After giving some gifts to the boys and the translators, we had some very tearful goodbyes - plus more drama - and promises to see the boys soon. I can't give you too much on those as I still can't believe we're already leaving in the morning to go home and they were far too tough to say.

All I can say is that Moldova has a big piece of my heart now and I won't let it or the boys go. Off for now.


Friday, July 01, 2005

Bed Elves

Today was a great life moment.

Today I think we were all dragging a little from the intensive construction week we've had. However, when we arrived at the job site (the orphanage) we were greeted by some very eager faces who quickly ushered us up to the third floor of one of the dorms.

Artur, Vasile, Dima and Ivan threw open door after door to show us they had arrived more than two hours before us in order to finish assembling and setting up the remaining beds we had on our plate for today. It was probably a solid morning's work that was accomplished by four very eager and proud boys. I wish so much I could have bottled that moment to share with you. Perhaps you can catch a glimpse of it in this picture.

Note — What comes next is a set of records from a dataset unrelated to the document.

lemma eventually_measure_cball_powr_le_upper:
  assumes "finite_measure \<mu>" "sets \<mu> = sets borel" "q \<le> 0" "\<gamma> < \<alpha> * q" "x \<in> Ebar_up \<mu> \<alpha>"
  shows "\<forall>\<^sub>F \<rho> in at_right 0. measure \<mu> (cball x \<rho>) powr q \<le> \<rho> powr \<gamma>"
proof -
  obtain \<epsilon> where "0 < \<epsilon>" and margin: "\<gamma> \<le> q * (\<alpha> + \<epsilon>)" using ex_margin_mult[OF assms(4)] by blast
  have "upper_locdim \<mu> x < ereal (\<alpha> + \<epsilon>)"
    using assms(5) \<open>0 < \<epsilon>\<close> by (auto simp: Ebar_up_def intro: le_less_trans)
  then have "\<forall>\<^sub>F \<rho> in at_right 0. ln (measure \<mu> (cball x \<rho>)) / ln \<rho> < \<alpha> + \<epsilon>"
    unfolding upper_locdim_def by (auto dest: Limsup_lessD)
  then have "\<forall>\<^sub>F \<rho> in at_right 0. \<gamma> \<le> q * (ln (measure \<mu> (cball x \<rho>)) / ln \<rho>)"
    by eventually_elim (rule order.trans[OF margin mult_left_mono_neg], use assms(3) in auto)
  then show ?thesis using assms(1,2,5)
    by (intro eventually_measure_cball_powr_le) (auto simp: Ebar_up_def)
qed

lemma eventually_measure_cball_powr_le_lower:
  assumes "finite_measure \<mu>" "sets \<mu> = sets borel" "0 \<le> q" "\<gamma> < \<alpha> * q" "x \<in> E_low \<mu> \<alpha>"
  shows "\<forall>\<^sub>F \<rho> in at_right 0. measure \<mu> (cball x \<rho>) powr q \<le> \<rho> powr \<gamma>"
proof -
  obtain \<epsilon> where "0 < \<epsilon>" and margin: "\<gamma> \<le> q * (\<alpha> - \<epsilon>)" using ex_margin_mult[OF assms(4)] by blast
  have "ereal (\<alpha> - \<epsilon>) < lower_locdim \<mu> x"
    using assms(5) \<open>0 < \<epsilon>\<close> by (auto simp: E_low_def intro: less_le_trans[of _ "ereal \<alpha>"])
  then have "\<forall>\<^sub>F \<rho> in at_right 0. \<alpha> - \<epsilon> < ln (measure \<mu> (cball x \<rho>)) / ln \<rho>"
    unfolding lower_locdim_def by (auto dest: less_LiminfD)
  then have "\<forall>\<^sub>F \<rho> in at_right 0. \<gamma> \<le> q * (ln (measure \<mu> (cball x \<rho>)) / ln \<rho>)"
    by eventually_elim (rule order.trans[OF margin mult_left_mono], use assms(3) in auto)
  then show ?thesis using assms(1,2,5)
    by (intro eventually_measure_cball_powr_le) (auto simp: E_low_def)
qed

definition mass_bounded :: "'a::metric_space measure \<Rightarrow> real \<Rightarrow> real \<Rightarrow> real \<Rightarrow> 'a set" where
  "mass_bounded \<mu> q \<gamma> r = {x. \<forall>\<rho>. 0 < \<rho> \<and> \<rho> < r \<longrightarrow> measure \<mu> (cball x \<rho>) powr q \<le> \<rho> powr \<gamma>}"

lemma subset_UN_mass_bounded:
  assumes "\<And>x. x \<in> A \<Longrightarrow> \<forall>\<^sub>F \<rho> in at_right 0. measure \<mu> (cball x \<rho>) powr q \<le> \<rho> powr \<gamma>"
  shows "A \<subseteq> (\<Union>m. mass_bounded \<mu> q \<gamma> (inverse (real (Suc m))))"
proof
  fix x assume "x \<in> A"
  then obtain b where "0 < b" "\<forall>\<rho>>0. \<rho> < b \<longrightarrow> measure \<mu> (cball x \<rho>) powr q \<le> \<rho> powr \<gamma>"
    using assms unfolding eventually_at_right_field by auto
  moreover obtain m where "inverse (real (Suc m)) < b" using reals_Archimedean[OF \<open>0 < b\<close>] by blast
  ultimately have "x \<in> mass_bounded \<mu> q \<gamma> (inverse (real (Suc m)))" by (auto simp: mass_bounded_def)
  then show "x \<in> (\<Union>m. mass_bounded \<mu> q \<gamma> (inverse (real (Suc m))))" by blast
qed

lemma tendsto_mult_powr_double_at_right_0:
  fixes c d :: real
  assumes "0 < d"
  shows "((\<lambda>\<rho>. c * (2 * \<rho>) powr d) \<longlongrightarrow> 0) (at_right 0)"
proof -
  have "((\<lambda>\<rho>::real. 2 * \<rho>) \<longlongrightarrow> 0) (at_right 0)"
    by (rule tendsto_mult_right_zero[OF tendsto_ident_at])
  then have "((\<lambda>\<rho>. (2 * \<rho>) powr d) \<longlongrightarrow> 0) (at_right 0)"
    using assms eventually_at_right_less[of 0]
      by (intro tendsto_zero_powrI) (auto elim: eventually_mono)
  then show ?thesis by (rule tendsto_mult_right_zero)
qed

lemma powr_times_double_powr_eq_double:
  fixes \<rho> :: real
  assumes "0 < \<rho>"
  shows "\<rho> powr \<gamma> * (2 * \<rho>) powr t = (2 * \<rho>) powr s * (2 powr (- \<gamma>) * (2 * \<rho>) powr (\<gamma> + t - s))"
proof -
  have "\<rho> powr \<gamma> = 2 powr (- \<gamma>) * (2 * \<rho>) powr \<gamma>"
    using assms by (simp add: powr_mult powr_minus)
  moreover have "(2 * \<rho>) powr \<gamma> * (2 * \<rho>) powr t = (2 * \<rho>) powr s * (2 * \<rho>) powr (\<gamma> + t - s)"
    by (simp flip: powr_add)
  ultimately show ?thesis by (simp add: ac_simps)
qed

lemma powr_times_double_powr_eq:
  fixes a :: real
  assumes "0 < a"
  shows "a powr \<gamma> * (2 * a) powr t = a powr s * (2 powr t * a powr (\<gamma> + t - s))"
proof -
  have "(2 * a) powr t = 2 powr t * a powr t" using assms by (simp add: powr_mult)
  moreover have "a powr \<gamma> * a powr t = a powr s * a powr (\<gamma> + t - s)" by (simp flip: powr_add)
  ultimately show ?thesis by (simp add: ac_simps)
qed
lemma set_subset_znodes_complete_tree:
  "set zs \<subseteq> set (znodes (complete_tree (Suc (sum_list (map zlen zs)))))"
proof
  fix z assume "z \<in> set zs"
  then have "zlen z \<le> sum_list (map zlen zs)"
    by (intro member_le_sum_list) auto
  then show "z \<in> set (znodes (complete_tree (Suc (sum_list (map zlen zs)))))"
    by (cases z) (simp_all del: complete_tree.simps add: znodes_def set_nodes_complete_tree)
qed

lemma mult_add_mod_mult:
  fixes e r g n :: nat
  assumes "r < g"
  shows "(e * g + r) mod (n * g) = (e mod n) * g + r"
proof -
  have "(e * g + r) div g = e" "(e * g + r) mod g = r"
    using assms by simp_all
  then show ?thesis
    using mod_mult2_eq[of "e * g + r" g n] by (simp add: mult.commute)
qed

lemma ex_ThompsonT_map_sorted_rotate:
  assumes "sorted_wrt zlt a" "sorted_wrt zlt b" "length a = n" "length b = n" "n > 0"
  shows "\<exists>t\<in>ThompsonT. map (iota t) a = rotate d b"
proof -
  define F where "F = complete_tree (Suc (sum_list (map zlen (a @ b))))"
  define G where "G = length (leaves F)"
  define g where "g = G + 1"
  have "set a \<subseteq> set (znodes F)" "set b \<subseteq> set (znodes F)"
    using set_subset_znodes_complete_tree[of "a @ b"] unfolding F_def by auto
  moreover have "a \<noteq> []" "b \<noteq> []" "length (leaves F) \<le> G"
    using assms by (auto simp: G_def)
  ultimately obtain tL PL tR PR where "PL \<le> G" "length (leaves tL) = n * g"
    "\<forall>j<n. znodes tL ! (PL + j * g) = a ! j" and "PR \<le> G" "length (leaves tR) = n * g"
    "\<forall>j<n. znodes tR ! (PR + j * g) = b ! j"
    using spaced_tree[OF assms(1)] spaced_tree[OF assms(2)] assms(3,4) unfolding g_def by metis
  define c where "c = (d + n) * g + PR - PL"
  define v where "v = tree_pair_map tL tR c"
  have "iota v (a ! j) = b ! ((d + j) mod n)" if "j < n" for j
  proof -
    have "PL + j * g < n * g"
      using that \<open>PL \<le> G\<close> mult_le_mono1[of "Suc j" n g] by (simp add: g_def)
    then have "iota v (a ! j) = znodes tR ! ((PL + j * g + c) mod (n * g))"
      using iota_tree_pair_map_znode[of tR tL "PL + j * g" c] \<open>length (leaves tL) = n * g\<close>
        \<open>length (leaves tR) = n * g\<close> \<open>\<forall>j<n. znodes tL ! (PL + j * g) = a ! j\<close> that
      by (simp add: v_def)
    also have "PL + j * g + c = (d + j + n) * g + PR"
      using \<open>PL \<le> G\<close> assms(5) mult_le_mono1[of 1 "d + n" g] by (simp add: c_def g_def algebra_simps)
    also have "((d + j + n) * g + PR) mod (n * g) = ((d + j) mod n) * g + PR"
      using mult_add_mod_mult[of PR g "d + j + n" n] \<open>PR \<le> G\<close> by (simp add: g_def)
    finally show ?thesis
      using \<open>\<forall>j<n. znodes tR ! (PR + j * g) = b ! j\<close> assms(5) by (simp add: add.commute)
  qed
  then have "map (iota v) a = rotate d b"
    using assms(3-5) by (intro nth_equalityI) (simp_all add: nth_rotate)
  moreover have "v \<in> ThompsonT"
    using tree_pair_map_in_ThompsonT \<open>length (leaves tL) = n * g\<close> \<open>length (leaves tR) = n * g\<close>
    by (simp add: v_def)
  ultimately show ?thesis
    by blast
qed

I'm not sure any words I can share could completely express the abundance of delight in my heart or the happiness in seeing prayers answered or in seeing God's calling affirmed in my life and in the lives of those around me. Our team has been just incredible. Everyone has worked so hard and it has made my heart so happy so watch each of them loving shadows of young boys who have now turned into determined young men.
Watching them today I couldn't help but think of the thin line between good and bad. So much pain and hurt has colored their lives. Our boys have been invested in for such a short amount of time this week and it's amazing to watch their pride, see their joy and hear their laughter. The tough exteriors are so much more fragile than anymore can ever realize. Inside they are all eight years old wanting to know why their parents left, asking who will love them and wondering where they will find shelter and food.
Every single day at least one of these boys has come to me with these concerns. I have spent a lot of time listening to their hearts, holding their hands, hearing and feeling their fear. These boys are now all graduates of the orphanage: young boys who have finished the ninth grade and who must find a place to live and a job to support themselves.
Everyday I caress a hand that is tightly squeezing my own while I listen to their hopes and their dreams and their fears. The conversations are all the same...who will love them, who will they trust, who will help do they survive. Yet, as I pause to pray with each of them I
never seem to know the words and just begin with a quiet cry to God to lead my heart and my mouth.

Tomorrow evening we will be taking the boys to dinner to celebrate our hard work and to hear from their hearts as they share about their lives, their weeks and their hopes for their futures. I suspect this will be a powerful time as God has touched each of us by their spirits and we are now deeply invested.

Please pray for these boys. Pray for these team members who are now their voices. And, pray for the way God might lead you to become involved in the responsibility we have to secure a transitional living house for 10 of these young men to live in beginning September 1. As we have seen this week...small things truly make differences to the small.